Make it easy for developers to manually and automatically test the system. Tests are essential to check the functional correctness of code and to prevent new accidental defects through code changes. Testing requires tooling, frameworks, test data and techniques for testing various types of code elements.

  • Unit Testing Techniques for Code Elements: Basically, every code element such as utility functions, API endpoints, frontend components etc need a corresponding unit testing technique.
  • Test Isolation and Parallel Execution: Ensuring that tests can run in isolation and in parallel.
  • Test Data: Provide sample data that is used by tests.
  • Debugging Support: Integrate debugging tools for manual testing.
  • Mocks: Being able to mock certain components or code elements.
  • Fixtures: Run tests within a predefined system state or context.

📊 Privacy

Protect user privacy and comply with privacy regulations. This involves disclosing how personal data is collected, stored and processed by components and implementing mechanisms that ensure user privacy rights such as the right to correct or erase personal data.

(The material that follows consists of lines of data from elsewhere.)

(* Let $p=4k+1$ be a prime, let $J(k)=\sum_{i=1}^{4k-2}\big(\frac{i(i+1)(i+2)}{p}\big)$ and $d(k)=\frac{J(k)^2-4}{32}$, and let $S\subset\mathbb{P}^5$ be the surface over $\mathbb{F}_p$ defined by $x_1^2-x_2^2=x_3^2$, $x_0^2-x_1^2=x_4^2$, $x_0^2-x_2^2=x_5^2$. Then $$n_p(K_4)=\frac{k(k-1)(k-4)+2k\,d(k)}{24}\quad\text{if and only if}\quad |S(\mathbb{F}_p)|=(p+1)^2+J(k)^2 .$$
   Context: $\big(\frac{a}{p}\big)$ is the Legendre symbol. $n_p(K_4)$ is the number of $4$-tuples $(r_1,r_2,r_3,r_4)$ of pairwise distinct residues modulo $p$ such that all differences $r_i-r_j$ ($i\neq j$) are nonzero quadratic residues mod $p$, where tuples differing by a permutation of entries or by adding the same residue to all entries are identified. *)

theory Defs
  imports "HOL-Number_Theory.Number_Theory" "HOL-Library.FuncSet"
begin

text \<open>Residues mod p are represented by the integers 0..p-1.\<close>

definition K4_sets :: "nat \<Rightarrow> int set set" where
  "K4_sets p = {A. A \<subseteq> {0..<int p} \<and> card A = 4 \<and>
     (\<forall>x\<in>A. \<forall>y\<in>A. x \<noteq> y \<longrightarrow> Legendre (x - y) (int p) = 1)}"

definition transl_rel :: "nat \<Rightarrow> (int set \<times> int set) set" where
  "transl_rel p = {(A, B). A \<in> K4_sets p \<and> B \<in> K4_sets p \<and>
     (\<exists>t::int. B = (\<lambda>x. (x + t) mod int p) ` A)}"

text \<open>Number of 4-cliques of the Paley graph up to permutation and translation.\<close>
definition n_K4 :: "nat \<Rightarrow> nat" where
  "n_K4 p = card (K4_sets p // transl_rel p)"
(* In the setting described in the context, suppose $T$ and $A$ are irreducible. Then for each $j\in\{1,\dots,M\}$ there exists a nonzero integer $k_j$ such that $(0,j)\to(k_j,j)$ in the Markov additive process with kernel $\{\Gamma_A(k)\}_{k\in\mathbb Z}$.
   Context: Let $M_0,M$ be positive integers. Consider a discrete-time Markov chain of M/G/1 type with state space $\{(0,j):1\le j\le M_0\}\cup\{(k,j):k\ge1,1\le j\le M\}$ and transition matrix in lexicographic order \[ T=\begin{pmatrix}B(0)&B(1)&B(2)&\cdots\\ C(0)&A(1)&A(2)&\cdots\\ O&A(0)&A(1)&\cdots\\ O&O&A(0)&\cdots\\ \vdots&\vdots&\vdots&\ddots\end{pmatrix}, \] with nonnegative blocks $A(k)$ ($M\times M$), $B(0)$, $B(k)$, $C(0)$ of compatible sizes, $A=\sum_{k\ge0}A(k)$ stochastic, $B(0)e+\sum_{k\ge1}B(k)e=e$. Let $\Gamma_A(k)=A(k+1)$ for $k\ge-1$ and $\Gamma_A(k)=O$ for $k\le-2$. The Markov additive process with kernel $\{\Gamma_A(k)\}$ on $\mathbb Z\times\{1,\dots,M\}$ moves from $(k_0,i)$ to $(k_0+k,j)$ with probability $[\Gamma_A(k)]_{i,j}$; $(k_1,j_1)\to(k_2,j_2)$ means $(k_2,j_2)$ is reached from $(k_1,j_1)$ with positive probability along some path of positive length. *)

theory Defs
  imports Complex_Main
begin

text \<open>Blocks are represented as functions of (1-based) row/column indices:
  A k i j = [A(k)]_{i,j}  (1 \<le> i,j \<le> M),  B0 i j = [B(0)]_{i,j} (1 \<le> i,j \<le> M0),
  B k i j = [B(k)]_{i,j} (k \<ge> 1, 1 \<le> i \<le> M0, 1 \<le> j \<le> M),
  C0 i j = [C(0)]_{i,j} (1 \<le> i \<le> M, 1 \<le> j \<le> M0).\<close>

definition state_space :: "nat \<Rightarrow> nat \<Rightarrow> (nat \<times> nat) set" where
  "state_space M0 M = {(0, j) | j. 1 \<le> j \<and> j \<le> M0} \<union> {(k, j) | k j. 1 \<le> k \<and> 1 \<le> j \<and> j \<le> M}"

  • Data Processing Records: Companies may be legally obligated to keep written records of all data processing activities. These records are supposed to describe what data is processed, the purpose of processing, the legal basis of the processing, the retention period and the recipients to whom the data is disclosed.
  • Privacy Rights: Guarantee users' privacy rights by implementing mechanisms that allow users to access, rectify or erase data.
  • Consent Management: If data is processed on the legal basis of consent, that consent must be obtained through the user interface and somehow stored (e.g. in a cookie or a user account).
  • Location Choice: Cloud infrastructure may offer choosing the country of data processing and storage so that different privacy legislation applies.

📊 Cost Optimization

Minimize unnecessary operating expenses and reliably predict costs. This involves keeping track of plans, subscriptions and the capacity utilization of cloud services.

  • Cost Budget: Create a predictable budget for the operating costs of the system. This is typically a combination of fixed and variable costs:
    • Plans/Subscriptions for Cloud Services
    • Autoscaling Cloud Infrastructure
    • Licensing Costs
  • Environmental Impact: Track environmental impact such as carbon emissions that are indirectly caused by operating the system on cloud infrastructure.